- **Exercise**: The expected answer comprises all lines from the entries that contain the string "auto".

── Records provided

(* For each of the following four pairs $T=(T_1,T_2)$: (i) $T_1=\begin{pmatrix}1&0\\1&0\end{pmatrix}$, $T_2=\begin{pmatrix}1&1\\1&0\end{pmatrix}$; (ii) $T_1=\begin{pmatrix}1&0\\1&0\end{pmatrix}$, $T_2=\begin{pmatrix}1&1\\0&1\end{pmatrix}$; (iii) $T_1=\begin{pmatrix}1&0\\1&0\end{pmatrix}$, $T_2=\begin{pmatrix}1&1\\1&1\end{pmatrix}$; (iv) $T_1=\begin{pmatrix}1&0\\0&1\end{pmatrix}$, $T_2=\begin{pmatrix}1&1\\1&1\end{pmatrix}$, one has $h(T)=\frac{1}{\lambda^2}\ln 2$, where $\lambda=\frac{1+\sqrt5}{2}$.
   Context: Define $\gamma^{[s_j]}_{i,n}$ ($i,j\in\{1,2\}$, $n\ge0$) by $\gamma^{[s_j]}_{i,0}=1$ and for $n\ge1$ $$\gamma^{[s_1]}_{i,n}=\sum_{j,k=1}^2T_1(i,j)T_2(i,k)\,\gamma^{[s_1]}_{j,n-1}\gamma^{[s_2]}_{k,n-1},\qquad \gamma^{[s_2]}_{i,n}=\sum_{j=1}^2T_1(i,j)\,\gamma^{[s_1]}_{j,n-1}.$$ Let $l_0=1$, $l_1=2$, $l_{k+1}=l_k+l_{k-1}$, $|E_n|=\sum_{k=0}^nl_k$ (the number of elements of word length $\le n$ in the monoid $G=\langle s_1,s_2\mid s_2s_2=s_2\rangle$), and $h(T)=\limsup_{n\to\infty}\frac{\ln(\gamma^{[s_1]}_{1,n}+\gamma^{[s_1]}_{2,n})}{|E_n|}$, the paper's entropy of the $G$-vertex shift with adjacency matrices $T=(T_1,T_2)$ over $\{1,2\}$. *)

theory Defs
  imports Complex_Main "HOL-Library.Extended_Real"
begin

text \<open>2x2 matrices over the alphabet {1,2}, represented as functions on indices 1 and 2.\<close>
definition mat2 :: "nat \<Rightarrow> nat \<Rightarrow> nat \<Rightarrow> nat \<Rightarrow> (nat \<Rightarrow> nat \<Rightarrow> nat)" where
  "mat2 a b c d = (\<lambda>i j. if i = 1 then (if j = 1 then a else b) else (if j = 1 then c else d))"

text \<open>gamma T1 T2 n = (gamma^[s1]_{.,n}, gamma^[s2]_{.,n}).\<close>
fun gamma :: "(nat \<Rightarrow> nat \<Rightarrow> nat) \<Rightarrow> (nat \<Rightarrow> nat \<Rightarrow> nat) \<Rightarrow> nat \<Rightarrow> (nat \<Rightarrow> nat) \<times> (nat \<Rightarrow> nat)" where
  "gamma T1 T2 0 = ((\<lambda>i. 1), (\<lambda>i. 1))"
| "gamma T1 T2 (Suc n) =
     (let g1 = fst (gamma T1 T2 n); g2 = snd (gamma T1 T2 n) in
      ((\<lambda>i. \<Sum>j\<in>{1,2}. \<Sum>k\<in>{1,2}. T1 i j * T2 i k * g1 j * g2 k),
       (\<lambda>i. \<Sum>j\<in>{1,2}. T1 i j * g1 j)))"

fun lseq :: "nat \<Rightarrow> nat" where
  "lseq 0 = 1"
| "lseq (Suc 0) = 2"
| "lseq (Suc (Suc k)) = lseq (Suc k) + lseq k"

definition Ecard :: "nat \<Rightarrow> nat" where
  "Ecard n = (\<Sum>k\<le>n. lseq k)"

definition entropy :: "(nat \<Rightarrow> nat \<Rightarrow> nat) \<Rightarrow> (nat \<Rightarrow> nat \<Rightarrow> nat) \<Rightarrow> ereal" where
  "entropy T1 T2 = limsup (\<lambda>n. ereal (ln (real (fst (gamma T1 T2 n) 1 + fst (gamma T1 T2 n) 2)) / real (Ecard n)))"

end

theory Submission
  imports Defs "HOL-Number_Theory.Fib"
begin

text \<open>With \<open>a\<^sub>n = \<gamma>\<^bsup>[s\<^sub>1]\<^esup>\<^sub>1\<^sub>,\<^sub>n\<close> and
  \<open>b\<^sub>n = \<gamma>\<^bsup>[s\<^sub>2]\<^esup>\<^sub>i\<^sub>,\<^sub>n\<close> (independent of \<open>i\<close>) one has \<open>a\<^sub>n\<^sub>+\<^sub>1 = 2 a\<^sub>n b\<^sub>n\<close> and
  \<open>b\<^sub>n\<^sub>+\<^sub>1 = a\<^sub>n\<close>, so the exponents of 2 follow the Fibonacci recursion:
  \<open>a\<^sub>n = 2^(F\<^sub>n\<^sub>+\<^sub>2 - 1)\<close>, and \<open>\<gamma>\<^bsup>[s\<^sub>1]\<^esup>\<^sub>1\<^sub>,\<^sub>n + \<gamma>\<^bsup>[s\<^sub>1]\<^esup>\<^sub>2\<^sub>,\<^sub>n\<close> lies between
  \<open>a\<^sub>n\<close> and \<open>2 a\<^sub>n\<close>. As \<open>l\<^sub>n = F\<^sub>n\<^sub>+\<^sub>2\<close> and \<open>|E\<^sub>n| = F\<^sub>n\<^sub>+\<^sub>4 - 2\<close>, the normalised logarithms are
  squeezed towards \<open>ln 2 \<cdot> lim F\<^sub>n\<^sub>+\<^sub>2 / F\<^sub>n\<^sub>+\<^sub>4 = ln 2 / \<lambda>\<^sup>2\<close>.\<close>

lemma fib_ratio_tendsto:
  fixes \<phi> :: real
  defines "\<phi> \<equiv> (1 + sqrt 5) / 2"
  shows "(\<lambda>n. real (fib n) / real (fib (n + k))) \<longlonglongrightarrow> 1 / \<phi> ^ k"
proof -
  define r where "r n = real (fib n) / (\<phi> ^ n / sqrt 5)" for n
  have r: "r \<longlonglongrightarrow> 1"
    unfolding r_def \<phi>_def by (rule fib_asymptotics)
  have \<phi>_pos: "\<phi> > 0" by (simp add: \<phi>_def add_pos_nonneg)
  then have eq: "real (fib n) / real (fib (n + k)) = r n / r (n + k) / \<phi> ^ k" for n
    by (simp add: r_def power_add field_simps)
  have "(\<lambda>n. r n / r (n + k) / \<phi> ^ k) \<longlonglongrightarrow> 1 / 1 / \<phi> ^ k"
    using r LIMSEQ_ignore_initial_segment[OF r, of k] \<phi>_pos by (intro tendsto_intros) auto
  then show ?thesis by (simp add: eq)
qed

lemma lseq_eq_fib: "lseq n = fib (n + 2)"
  by (induction n rule: lseq.induct) (simp_all add: numeral_eq_Suc)

lemma Ecard_add_2: "Ecard n + 2 = fib (n + 4)"
  by (induction n) (simp_all add: Ecard_def lseq_eq_fib numeral_eq_Suc)

lemma Suc_le_Ecard: "Suc n \<le> Ecard n"
proof -
  have "card {..n} \<le> (\<Sum>k\<le>n. lseq k)"
    using sum_mono[of "{..n}" "\<lambda>_. 1::nat" lseq] by (simp add: lseq_eq_fib Suc_le_eq fib_neq_0_nat)
  then show ?thesis by (simp add: Ecard_def)
qed

lemma inverse_Ecard_tendsto_0: "(\<lambda>n. 1 / real (Ecard n)) \<longlonglongrightarrow> 0"
proof -
  have "filterlim (\<lambda>n. real (Ecard n)) at_top sequentially"
    by (rule filterlim_at_top_mono[OF filterlim_real_sequentially])
       (auto intro!: always_eventually simp: Suc_leD[OF Suc_le_Ecard])
  then show ?thesis
    by (simp add: inverse_eq_divide[symmetric] tendsto_inverse_0_at_top)
qed

lemma fib_div_Ecard_tendsto:
  fixes \<phi> :: real
  defines "\<phi> \<equiv> (1 + sqrt 5) / 2"
  shows "(\<lambda>n. real (fib (n + 2)) / real (Ecard n)) \<longlonglongrightarrow> 1 / \<phi>\<^sup>2"
proof -
  have factor: "x / E = x / (E + 2) * (1 + 2 * (1 / E))" if "E > 0" for x E :: real
  proof -
    have "1 + 2 * (1 / E) = (E + 2) / E" using that by (simp add: field_simps)
    with that show ?thesis by simp
  qed
  have eq: "real (fib (n + 2)) / real (Ecard n)
      = real (fib (n + 2)) / real (fib (n + 2 + 2)) * (1 + 2 * (1 / real (Ecard n)))" for n
  proof -
    have fib_eq: "real (fib (n + 2 + 2)) = real (Ecard n) + 2"
      by (metis Ecard_add_2 add.assoc numeral_Bit0 of_nat_add of_nat_numeral)
    have "real (Ecard n) > 0" using Suc_le_Ecard[of n] by simp
    then show ?thesis unfolding fib_eq by (rule factor)
  qed
  have "(\<lambda>n. real (fib (n + 2)) / real (fib (n + 2 + 2))) \<longlonglongrightarrow> 1 / \<phi>\<^sup>2"
    using LIMSEQ_ignore_initial_segment[OF fib_ratio_tendsto[of 2], of 2] unfolding \<phi>_def .
  then have "(\<lambda>n. real (fib (n + 2)) / real (fib (n + 2 + 2)) * (1 + 2 * (1 / real (Ecard n))))
      \<longlonglongrightarrow> 1 / \<phi>\<^sup>2 * (1 + 2 * 0)"
    by (intro tendsto_mult tendsto_add tendsto_const inverse_Ecard_tendsto_0)
  then show ?thesis
    unfolding eq by (simp only: mult_zero_right add_0_right mult_1_right)
qed

lemma ln_div_tendsto_of_pow2_bounds:
  fixes S L D :: "nat \<Rightarrow> nat"
  assumes lower: "\<And>n. 2 ^ (L n - 1) \<le> S n" and upper: "\<And>n. S n \<le> 2 ^ L n"
    and D_pos: "\<And>n. D n > 0" and inverse_D: "(\<lambda>n. 1 / real (D n)) \<longlonglongrightarrow> 0"
    and ratio: "(\<lambda>n. real (L n) / real (D n)) \<longlonglongrightarrow> c"
  shows "(\<lambda>n. ln (real (S n)) / real (D n)) \<longlonglongrightarrow> c * ln 2"
proof (rule real_tendsto_sandwich)
  have ln_lower: "(real (L n) - 1) * ln 2 \<le> ln (real (S n))" for n
  proof -
    have "(real (L n) - 1) * ln 2 \<le> real (L n - 1) * ln 2"
      by (intro mult_right_mono) auto
    also have "\<dots> = ln (2 ^ (L n - 1))"
      by (simp add: ln_realpow)
    also have "\<dots> \<le> ln (real (S n))"
      using lower[of n] by (intro ln_mono) (simp_all add: of_nat_le_iff[of "2 ^ _", symmetric])
    finally show ?thesis .
  qed
  have ln_upper: "ln (real (S n)) \<le> real (L n) * ln 2" for n
  proof -
    have "S n > 0" using less_le_trans[OF _ lower[of n]] by simp
    then have "ln (real (S n)) \<le> ln (2 ^ L n)"
      using upper[of n] by (intro ln_mono) (simp_all add: of_nat_le_iff[of _ "2 ^ _", symmetric])
    then show ?thesis by (simp add: ln_realpow)
  qed
  have "real (L n) / real (D n) * ln 2 - ln 2 * (1 / real (D n)) \<le> ln (real (S n)) / real (D n)"
    for n
  proof -
    have "real (L n) / real (D n) * ln 2 - ln 2 * (1 / real (D n)) = (real (L n) - 1) * ln 2 / real (D n)"
      using D_pos[of n] by (simp add: field_simps)
    also have "\<dots> \<le> ln (real (S n)) / real (D n)"
      using ln_lower[of n] by (rule divide_right_mono) simp
    finally show ?thesis .
  qed
  then show "\<forall>\<^sub>F n in sequentially. real (L n) / real (D n) * ln 2 - ln 2 * (1 / real (D n))
      \<le> ln (real (S n)) / real (D n)"
    by simp
  have "ln (real (S n)) / real (D n) \<le> real (L n) / real (D n) * ln 2" for n
    using divide_right_mono[OF ln_upper[of n], of "real (D n)"] by simp
  then show "\<forall>\<^sub>F n in sequentially. ln (real (S n)) / real (D n) \<le> real (L n) / real (D n) * ln 2"
    by simp
  show "(\<lambda>n. real (L n) / real (D n) * ln 2 - ln 2 * (1 / real (D n))) \<longlonglongrightarrow> c * ln 2"
    using tendsto_diff[OF tendsto_mult_right[OF ratio] tendsto_mult_left[OF inverse_D]] by simp
  show "(\<lambda>n. real (L n) / real (D n) * ln 2) \<longlonglongrightarrow> c * ln 2"
    using tendsto_mult_right[OF ratio] .
qed

definition pow2_fib :: "nat \<Rightarrow> nat" where
  "pow2_fib n = 2 ^ (fib n - 1)"

lemma pow2_fib_Suc_Suc_Suc:
  "pow2_fib (Suc (Suc (Suc n))) = 2 * pow2_fib (Suc (Suc n)) * pow2_fib (Suc n)"
proof -
  obtain a b where a: "fib (Suc (Suc n)) = Suc a" and b: "fib (Suc n) = Suc b"
    using fib_neq_0_nat[of "Suc n"] fib_neq_0_nat[of "Suc (Suc n)"] by (metis gr0_conv_Suc zero_less_Suc)
  have "fib (Suc (Suc (Suc n))) = Suc a + Suc b"
    by (simp only: fib.simps(3)[of "Suc n"] a b)
  then show ?thesis
    unfolding pow2_fib_def a b by (simp add: power_add)
qed

lemma gamma_mat2_1111:
  assumes "c + d = 1"
  shows "gamma (mat2 1 0 c d) (mat2 1 1 1 1) n = ((\<lambda>_. pow2_fib (n + 2)), (\<lambda>_. pow2_fib (n + 1)))"
proof (induction n)
  case 0
  show ?case by (simp add: pow2_fib_def fun_eq_iff)
next
  case (Suc n)
  with assms show ?case
    by (simp add: mat2_def Let_def fun_eq_iff pow2_fib_Suc_Suc_Suc flip: distrib_right)
qed

text \<open>At \<open>n = 0\<close> the entry \<open>pow2_fib 1 * pow2_fib 0 = 1\<close> is correct only because
  \<open>fib 0 - 1\<close> truncates to \<open>0\<close>.\<close>

lemma gamma_mat2_1010:
  assumes "c + d = 1"
  shows "gamma (mat2 1 0 1 0) (mat2 1 1 c d) n =
    ((\<lambda>i. if i = 1 then pow2_fib (n + 2) else pow2_fib (n + 1) * pow2_fib n), (\<lambda>_. pow2_fib (n + 1)))"
proof (induction n)
  case 0
  show ?case by (simp add: pow2_fib_def fun_eq_iff)
next
  case (Suc n)
  with assms show ?case
    by (simp add: mat2_def Let_def fun_eq_iff pow2_fib_Suc_Suc_Suc flip: distrib_right)
qed

lemma two_mult_pow2_fib_Suc: "2 * pow2_fib (Suc n) = 2 ^ fib (Suc n)"
  using fib_neq_0_nat[of "Suc n"] by (simp add: pow2_fib_def power_Suc[symmetric] del: power_Suc)

lemma pow2_fib_mult_le: "pow2_fib (n + 1) * pow2_fib n \<le> pow2_fib (n + 2)"
proof (cases n)
  case 0
  then show ?thesis by (simp add: pow2_fib_def)
next
  case (Suc m)
  then show ?thesis by (simp add: pow2_fib_Suc_Suc_Suc)
qed

lemma entropy_eq_of_pow2_fib_bounds:
  fixes \<phi> :: real
  defines "\<phi> \<equiv> (1 + sqrt 5) / 2"
  assumes "\<And>n. pow2_fib (n + 2) \<le> fst (gamma T1 T2 n) 1 + fst (gamma T1 T2 n) 2"
    and "\<And>n. fst (gamma T1 T2 n) 1 + fst (gamma T1 T2 n) 2 \<le> 2 * pow2_fib (n + 2)"
  shows "entropy T1 T2 = ereal (ln 2 / \<phi>\<^sup>2)"
proof -
  have "(\<lambda>n. ln (real (fst (gamma T1 T2 n) 1 + fst (gamma T1 T2 n) 2)) / real (Ecard n))
      \<longlonglongrightarrow> 1 / \<phi>\<^sup>2 * ln 2"
  proof (rule ln_div_tendsto_of_pow2_bounds)
    show "2 ^ (fib (n + 2) - 1) \<le> fst (gamma T1 T2 n) 1 + fst (gamma T1 T2 n) 2" for n
      using assms(2)[of n] by (simp only: pow2_fib_def)
    show "fst (gamma T1 T2 n) 1 + fst (gamma T1 T2 n) 2 \<le> 2 ^ fib (n + 2)" for n
      using assms(3)[of n] two_mult_pow2_fib_Suc[of "Suc n"] by simp
    show "Ecard n > 0" for n
      using Suc_le_Ecard[of n] by simp
  qed (use inverse_Ecard_tendsto_0 fib_div_Ecard_tendsto in \<open>simp_all add: \<phi>_def\<close>)
  then show ?thesis
    unfolding entropy_def by (intro lim_imp_Limsup) auto
qed

theorem corollary1:
  fixes lam :: real
  defines "lam \<equiv> (1 + sqrt 5) / 2"
  shows "entropy (mat2 1 0 1 0) (mat2 1 1 1 0) = ereal (ln 2 / lam^2)
       \<and> entropy (mat2 1 0 1 0) (mat2 1 1 0 1) = ereal (ln 2 / lam^2)
       \<and> entropy (mat2 1 0 1 0) (mat2 1 1 1 1) = ereal (ln 2 / lam^2)
       \<and> entropy (mat2 1 0 0 1) (mat2 1 1 1 1) = ereal (ln 2 / lam^2)"
proof -
  have T2_row_sum_1: "entropy (mat2 1 0 1 0) (mat2 1 1 c d) = ereal (ln 2 / lam^2)"
    if "c + d = 1" for c d :: nat
    unfolding lam_def using pow2_fib_mult_le
    by (intro entropy_eq_of_pow2_fib_bounds) (simp_all only: gamma_mat2_1010[OF that], simp_all)
  have T1_row_sum_1: "entropy (mat2 1 0 c d) (mat2 1 1 1 1) = ereal (ln 2 / lam^2)"
    if "c + d = 1" for c d :: nat
    unfolding lam_def
    by (intro entropy_eq_of_pow2_fib_bounds) (simp_all only: gamma_mat2_1111[OF that], simp_all)
  show ?thesis
    using T2_row_sum_1[of 1 0] T2_row_sum_1[of 0 1] T1_row_sum_1[of 1 0] T1_row_sum_1[of 0 1] by simp
qed

end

────

- **Response to the exercise**:
    using r LIMSEQ_ignore_initial_segment[OF r, of k] \<phi>_pos by (intro tendsto_intros) auto
       (auto intro!: always_eventually simp: Suc_leD[OF Suc_le_Ecard])
      by (intro mult_right_mono) auto
    unfolding entropy_def by (intro lim_imp_Limsup) auto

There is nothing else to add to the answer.